Q4: Related to the above; in the cluster controller logs, are there messages indicating ZooKeeper connectivity loss? And if so, when does the log indicate that connectivity and cluster leadership was reestablished?

--

In the attached searchnode log I observe the restarted searchnode process emitting startup-related messages as expected at around 05:54:43:

[2023-10-07 05:54:43.068] INFO searchnode proton.persistence.filestor.manager Completed listing of 4192 buckets in 44 milliseconds
[2023-10-07 05:54:43.069] INFO searchnode proton.node.server Storage node ready. Done initializing. Giving out of sequence metric event. Config id is testdoc/storage/0

But I am not seeing a subsequent message that implies the node has actually been marked as online in the cluster. It would look something like this (with X being a published state version):

searchnode       proton.state.manager Transitioning from baseline state 'Down' to 'Up'  (cluster state version X)

The lack of such a message indicates that there is no cluster controller in charge of the cluster, which transitively prevents the search interface from coming online on the node.

Q4: When can such a log message finally be observed?

nehajatav commented 9 months ago

A1: The query issue was observed starting 7 am UTC, stayed that way for more than 2 hours before attempting shutdown. Let's say something caused connection refused at 5:50 am UTC (network blip was a suspect but i leave it to your interpretation)
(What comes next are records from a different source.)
(* For every $0<p_0,q_0<\infty$, \[ \mathcal{A}(p_0,q_0)=\{(p,q):\ 0<p,q<\infty,\ p\ge p_0,\ q\ge q_0,\ q/p\le q_0/p_0\}. \]
   Context: $\lambda_f(\tau)=\mu\{|f|>\tau\}$, $f^*(s)=\inf\{\tau>0:\lambda_f(\tau)\le s\}$; for $a>0$, $\int_0^\infty h\,d(t^a):=a\int_0^\infty h(t)t^{a-1}dt$. For fixed $0<p_0,q_0<\infty$, $\mathcal{A}(p_0,q_0)$ denotes the set of all pairs $(p,q)$ with $0<p,q<\infty$ such that: for arbitrary measurable functions $f,g$ (on $(0,\infty)$ with Lebesgue measure, or any $\sigma$-finite measure space) satisfying (i) there is $\tau_0\in(0,\infty)$ with $\lambda_f(\tau)\le\lambda_g(\tau)$ for $\tau<\tau_0$ and $\lambda_f(\tau)\ge\lambda_g(\tau)$ for $\tau>\tau_0$, (ii) $\int_0^\infty(f^*(t)^{q_0}-g^*(t)^{q_0})\,d(t^{q_0/p_0})\ge0$, and (iii) $(f^*(t)^q-g^*(t)^q)t^{q/p-1}\in L^1(0,\infty)$, it follows that $\int_0^\infty(f^*(t)^q-g^*(t)^q)\,d(t^{q/p})\ge0$. *)

theory Defs
  imports "HOL-Analysis.Analysis"
begin

text \<open>Underlying measure space: (0,\<infinity>) with Lebesgue measure.
  Functions are real-valued and Lebesgue measurable; only their values on (0,\<infinity>) matter.\<close>

definition dist_fun :: "(real \<Rightarrow> real) \<Rightarrow> real \<Rightarrow> ennreal" where
  "dist_fun f \<tau> = emeasure lebesgue {x \<in> {0<..}. \<bar>f x\<bar> > \<tau>}"

text \<open>Decreasing rearrangement, extended-real valued (Inf of the empty set is \<infinity>).\<close>
definition decr_rearr :: "(real \<Rightarrow> real) \<Rightarrow> real \<Rightarrow> ereal" where
  "decr_rearr f s = Inf {ereal \<tau> | \<tau>. \<tau> > 0 \<and> dist_fun f \<tau> \<le> ennreal s}"

text \<open>Real value of f^*(t) (used only where f^* is known to be finite).\<close>
definition rstar :: "(real \<Rightarrow> real) \<Rightarrow> real \<Rightarrow> real" where
  "rstar f t = real_of_ereal (decr_rearr f t)"

text \<open>\<integral>_0^\<infinity> h d(t^a) := a \<integral>_0^\<infinity> h(t) t^(a-1) dt, as an integrand on (0,\<infinity>).\<close>
definition dpow_integrand :: "real \<Rightarrow> (real \<Rightarrow> real) \<Rightarrow> real \<Rightarrow> real" where
  "dpow_integrand a h t = a * h t * t powr (a - 1)"

text \<open>"The integral of u over (0,\<infinity>) exists (in the extended sense) and is \<ge> 0":
  the negative part has finite integral, not exceeding the integral of the positive part.\<close>
definition ext_integral_nonneg :: "(real \<Rightarrow> real) \<Rightarrow> bool" where
  "ext_integral_nonneg u \<longleftrightarrow>
     (\<integral>\<^sup>+ t. indicator {0<..} t * ennreal (- u t) \<partial>lborel) < \<infinity> \<and>
     (\<integral>\<^sup>+ t. indicator {0<..} t * ennreal (- u t) \<partial>lborel)
       \<le> (\<integral>\<^sup>+ t. indicator {0<..} t * ennreal (u t) \<partial>lborel)"

definition cond_i :: "(real \<Rightarrow> real) \<Rightarrow> (real \<Rightarrow> real) \<Rightarrow> bool" where
  "cond_i f g \<longleftrightarrow> (\<exists>\<tau>0>0. (\<forall>\<tau>. 0 < \<tau> \<and> \<tau> < \<tau>0 \<longrightarrow> dist_fun f \<tau> \<le> dist_fun g \<tau>) \<and>
                            (\<forall>\<tau>. \<tau> > \<tau>0 \<longrightarrow> dist_fun f \<tau> \<ge> dist_fun g \<tau>))"

definition diff_pow :: "real \<Rightarrow> (real \<Rightarrow> real) \<Rightarrow> (real \<Rightarrow> real) \<Rightarrow> real \<Rightarrow> real" where
  "diff_pow r f g t = rstar f t powr r - rstar g t powr r"

text \<open>Membership of (p,q) in the class \<A>(p0,q0). Condition (iii) (membership in L^1(0,\<infinity>))
  includes that f^*, g^* are a.e. finite, so that the integrand is a real-valued function.\<close>
definition classA :: "real \<Rightarrow> real \<Rightarrow> (real \<times> real) set" where
  "classA p0 q0 = {(p, q). 0 < p \<and> 0 < q \<and>
     (\<forall>f g. f \<in> borel_measurable lebesgue \<longrightarrow> g \<in> borel_measurable lebesgue \<longrightarrow>
        cond_i f g \<longrightarrow>
        ext_integral_nonneg (dpow_integrand (q0 / p0) (diff_pow q0 f g)) \<longrightarrow>
        (AE t in lborel. t > 0 \<longrightarrow> decr_rearr f t \<noteq> \<infinity> \<and> decr_rearr g t \<noteq> \<infinity>) \<longrightarrow>
        set_integrable lborel {0<..} (\<lambda>t. diff_pow q f g t * t powr (q / p - 1)) \<longrightarrow>
        (LINT t:{0<..}|lborel. dpow_integrand (q / p) (diff_pow q f g) t) \<ge> 0)}"

end

theory Submission
  imports Defs
begin

text \<open>
  Condition (i) lets f* - g* change sign only once: where f* > g* we have
  g* \<ge> \<tau>0, where f* < g* we have g* \<le> \<tau>0, and some point ts separates the two regions.
  Convexity of x \<mapsto> x powr (q/q0) gives x^q - y^q \<ge> (q/q0) y^(q-q0) (x^q0 - y^q0), and for
  q \<ge> q0, q/p \<le> q0/p0 the factors y^(q-q0) and t^(q/p - q0/p0) may be replaced by their values
  at \<tau>0 and ts on either side of ts. So the (p,q)-integrand dominates a positive multiple of the
  (p0,q0)-integrand, pointwise.

  Necessity. If q < q0 or q/p > q0/p0, perturbing a trivial pair of two-step functions yields a
  pair with equal (p0,q0)-integrals and a negative (p,q)-integral.
\<close>

section \<open>Decreasing rearrangements\<close>

lemma decr_rearr_nonneg: "0 \<le> decr_rearr f t"
  unfolding decr_rearr_def by (rule Inf_greatest) auto

lemma decr_rearr_antimono: "s \<le> t \<Longrightarrow> decr_rearr f t \<le> decr_rearr f s"
  unfolding decr_rearr_def
  by (rule Inf_superset_mono) (auto intro: order_trans[OF _ ennreal_leI])

lemma borel_measurable_decr_rearr: "decr_rearr f \<in> borel_measurable borel"
proof (rule borel_measurableI_greater)
  fix y
  have "is_interval {x. y < decr_rearr f x}"
    unfolding is_interval_1 by (auto intro: less_le_trans decr_rearr_antimono)
  then show "{x \<in> space borel. y < decr_rearr f x} \<in> sets borel"
    by (simp add: real_interval_borel_measurable)
qed

lemma borel_measurable_diff_pow [measurable]: "diff_pow a f g \<in> borel_measurable borel"
  using borel_measurable_decr_rearr unfolding diff_pow_def[abs_def] rstar_def by measurable

lemma dist_fun_antimono:
  assumes "f \<in> borel_measurable lebesgue" "\<sigma> \<le> \<tau>"
  shows "dist_fun f \<tau> \<le> dist_fun f \<sigma>"
proof -
  have "(\<lambda>x. \<bar>f x\<bar>) \<in> borel_measurable lebesgue" using assms(1) by (rule borel_measurable_abs)
  then have "{x \<in> space lebesgue. \<sigma> < \<bar>f x\<bar>} \<in> sets lebesgue"
    unfolding borel_measurable_iff_greater by blast
  moreover have "{0::real<..} \<in> sets lebesgue" by simp
  ultimately have "{0<..} \<inter> {x \<in> space lebesgue. \<sigma> < \<bar>f x\<bar>} \<in> sets lebesgue"
    by (rule sets.Int[rotated])
  moreover have "{x \<in> {0<..}. \<sigma> < \<bar>f x\<bar>} = {0<..} \<inter> {x \<in> space lebesgue. \<sigma> < \<bar>f x\<bar>}" by auto
  ultimately have "{x \<in> {0<..}. \<sigma> < \<bar>f x\<bar>} \<in> sets lebesgue" by simp
  then show ?thesis
    unfolding dist_fun_def by (rule emeasure_mono[rotated]) (use assms(2) in auto)
qed

lemma ereal_le_decr_rearr:
  assumes "f \<in> borel_measurable lebesgue" "\<not> dist_fun f \<tau> \<le> ennreal t"
  shows "ereal \<tau> \<le> decr_rearr f t"
  unfolding decr_rearr_def
proof (rule Inf_greatest, clarify)
  fix \<sigma> assume "dist_fun f \<sigma> \<le> ennreal t"
  then show "ereal \<tau> \<le> ereal \<sigma>"
    using dist_fun_antimono[OF assms(1), of \<sigma> \<tau>] assms(2) by (force intro: order_trans)
qed

lemma decr_rearr_le:
  assumes "0 < \<tau>" "dist_fun f \<tau> \<le> ennreal t"
  shows "decr_rearr f t \<le> ereal \<tau>"
  unfolding decr_rearr_def using assms by (intro Inf_lower) auto

lemma dist_fun_le_if_decr_rearr_less:
  assumes "f \<in> borel_measurable lebesgue" "decr_rearr f t < ereal \<tau>"
  shows "dist_fun f \<tau> \<le> ennreal t"
proof -
  obtain \<sigma> where "\<sigma> < \<tau>" "dist_fun f \<sigma> \<le> ennreal t"
    using assms(2) unfolding decr_rearr_def by (auto simp: Inf_less_iff)
  then show ?thesis using dist_fun_antimono[OF assms(1), of \<sigma> \<tau>] by auto
qed

lemma decr_rearr_le_if_dist_fun_le_below:
  assumes "f \<in> borel_measurable lebesgue" "g \<in> borel_measurable lebesgue"
    and le: "\<And>\<tau>. 0 < \<tau> \<Longrightarrow> \<tau> < \<tau>0 \<Longrightarrow> dist_fun f \<tau> \<le> dist_fun g \<tau>"
    and "decr_rearr g t < ereal \<tau>0"
  shows "decr_rearr f t \<le> decr_rearr g t"
proof (rule dense_ge_bounded[OF assms(4)])
  fix w assume w: "decr_rearr g t < w" "w < ereal \<tau>0"
  moreover have "0 < w" using w(1) decr_rearr_nonneg[of g t] by order
  ultimately obtain \<tau> where \<tau>: "w = ereal \<tau>" "0 < \<tau>" "\<tau> < \<tau>0" by (cases w) auto
  have "dist_fun f \<tau> \<le> ennreal t"
    using le[OF \<tau>(2,3)] dist_fun_le_if_decr_rearr_less[OF assms(2)] w \<tau> by (blast intro: order_trans)
  then show "decr_rearr f t \<le> w" using decr_rearr_le \<tau> by auto
qed

lemma decr_rearr_ge_if_dist_fun_ge_above:
  assumes "f \<in> borel_measurable lebesgue" "0 < \<tau>0"
    and ge: "\<And>\<tau>. \<tau>0 < \<tau> \<Longrightarrow> dist_fun g \<tau> \<le> dist_fun f \<tau>"
    and "ereal \<tau>0 < decr_rearr g t"
  shows "decr_rearr g t \<le> decr_rearr f t"
proof (rule dense_le_bounded[OF assms(4)])
  fix w assume w: "ereal \<tau>0 < w" "w < decr_rearr g t"
  then obtain \<tau> where \<tau>: "w = ereal \<tau>" "\<tau>0 < \<tau>" by (cases w) auto
  have "\<not> dist_fun g \<tau> \<le> ennreal t"
    using decr_rearr_le[of \<tau> g t] w \<tau> assms(2) by auto
  then have "\<not> dist_fun f \<tau> \<le> ennreal t" using ge[OF \<tau>(2)] by (meson order_trans)
  then show "w \<le> decr_rearr f t" using ereal_le_decr_rearr[OF assms(1)] \<tau> by auto
qed

lemma cond_i_decr_rearr_crossing:
  assumes "f \<in> borel_measurable lebesgue" "g \<in> borel_measurable lebesgue" "cond_i f g"
  obtains \<tau>0 where "0 < \<tau>0"
    "\<And>t. decr_rearr g t < decr_rearr f t \<Longrightarrow> ereal \<tau>0 \<le> decr_rearr g t"
    "\<And>t. decr_rearr f t < decr_rearr g t \<Longrightarrow> decr_rearr g t \<le> ereal \<tau>0"
proof -
  obtain \<tau>0 where "0 < \<tau>0"
    and "\<And>\<tau>. 0 < \<tau> \<Longrightarrow> \<tau> < \<tau>0 \<Longrightarrow> dist_fun f \<tau> \<le> dist_fun g \<tau>"
    and "\<And>\<tau>. \<tau>0 < \<tau> \<Longrightarrow> dist_fun g \<tau> \<le> dist_fun f \<tau>"
    using assms(3) unfolding cond_i_def by blast
  then show ?thesis
    using decr_rearr_le_if_dist_fun_le_below[OF assms(1,2), of \<tau>0]
      decr_rearr_ge_if_dist_fun_ge_above[OF assms(1), of \<tau>0 g]
    by (intro that[of \<tau>0]) (meson not_le)+
qed
text \<open>\<open>ibp\<close> applied to \<open>f = x P_k\<^sup>2\<close>; it brings in \<open>\<alpha>_k h_k = \<langle>P_k, x P_k\<rangle>\<close>.\<close>
lemma ibp_x_square:
  assumes s: "s \<in> {0<..<1}"
  shows "(2 * real k + 2 + al + be) * W s (pCons 0 (P s k * P s k)) - be * V s (P s k * P s k)
           + be * hnorm s k - 2 * p1c s k * hnorm s k
         = - B * s * s * dens s * (poly (P s k) s)\<^sup>2"
proof -
  define D where "D = pCons 0 (pCons 0 (pderiv (P s k))) - smult (of_nat k) (pCons 0 (P s k))"
  have "coeff D k = - p1c s k"
    unfolding D_def coeff_x_euler_shift by (cases k) (simp_all add: p1c_def)
  then have "W s (P s k * D) = - p1c s k * hnorm s k"
    using W_P_times[OF s, of D k] degree_x_euler_shift[of "P s k" k] deg_P[OF s, of k]
    by (simp add: D_def)
  then have xxPk': "W s (P s k * pCons 0 (pCons 0 (pderiv (P s k))))
      = - p1c s k * hnorm s k + k * W s (pCons 0 (P s k * P s k))"
    unfolding D_def right_diff_distrib W_diff mult_smult_right wpoly_smult by simp
  have d: "pCons 0 (pderiv (pCons 0 (P s k * P s k)))
      = pCons 0 (P s k * P s k) + smult 2 (P s k * pCons 0 (pCons 0 (pderiv (P s k))))"
    by (intro poly_ext) (simp add: pderiv_mult pderiv_pCons algebra_simps)
  have "(al + 1 + be) * W s (pCons 0 (P s k * P s k)) - be * (V s (P s k * P s k) - hnorm s k)
        + W s (pCons 0 (P s k * P s k))
        + 2 * (- p1c s k * hnorm s k + k * W s (pCons 0 (P s k * P s k)))
      = - B * s * dens s * poly (pCons 0 (P s k * P s k)) s"
    using ibp[OF s, of "pCons 0 (P s k * P s k)"]
    unfolding d W_add wpoly_smult xxPk' V_times_x hnorm_def by simp
  then show ?thesis by (simp add: power2_eq_square algebra_simps)
qed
A2: Cluster controller ui showed green, event logs suggest the same: Altered node state in cluster state from 'U, b 11' to 'U, t 1696658082, b 11

A3: 1

A4/5: You seem to be right about zookeeper, a few questions:

what is your suspect of losing zook connection given everything is on single node?
Does this mean that had i restarted config-services instead of searchnode/container, the issue could have resolved?
As long as in a multi node cluster, zook cluster has a quorum, this issue wont occur?
Does this mean that merely the storage event log suggesting the state change is not enough, the distributor and SYSTEMSTATE have to detect the same?

Attaching logs from cluster controller from a time when cluster was healthy till the searchnode was restarted

clustercontroller.log

vekterli commented 9 months ago

what is your suspect of losing zook connection given everything is on single node?

When a content cluster is configured with multiple cluster controllers they use a ZooKeeper quorum to elect a leader so that only 1 cluster controller is authoritative at any given time. When there is only 1 controller configured, there is no competition for leadership, so the controller will always become a leader if it has ZooKeeper connectivity. So the only way to not get leadership in such a configuration is for ZooKeeper to be unavailable.

Does this mean that had i restarted config-services instead of searchnode/container, the issue could have resolved?

The ZooKeeper instances used for cluster controllers are by default colocated in the same processes as the cluster controllers themselves. These both reside within the container-clustercontroller service. Assuming there was no persistent failure, restarting this particular service would likely have resolved the issue.

As long as in a multi node cluster, zook cluster has a quorum, this issue wont occur?

Correct. As long as there is an available majority quorum of ZooKeeper servers and cluster controllers, cluster operation will be effectively uninterrupted (aside from during the transient time periods where failover reelection happens—this will usually be in the expected range of tens of seconds at most). Requiring availability of a majority is also why it never makes sense to configure 2 or 4 cluster controllers, as this gives you no more availability than if you had configured 1 or 3.

Does this mean that merely the storage event log suggesting the state change is not enough, the distributor and SYSTEMSTATE have to detect the same?

When the cluster controller and/or the entire cluster is down, these logs may not necessarily reflect the current state of the cluster. This may be caused both by the fact that the controller is not in a leader state as well as certain events being elided internally when the cluster is entirely down.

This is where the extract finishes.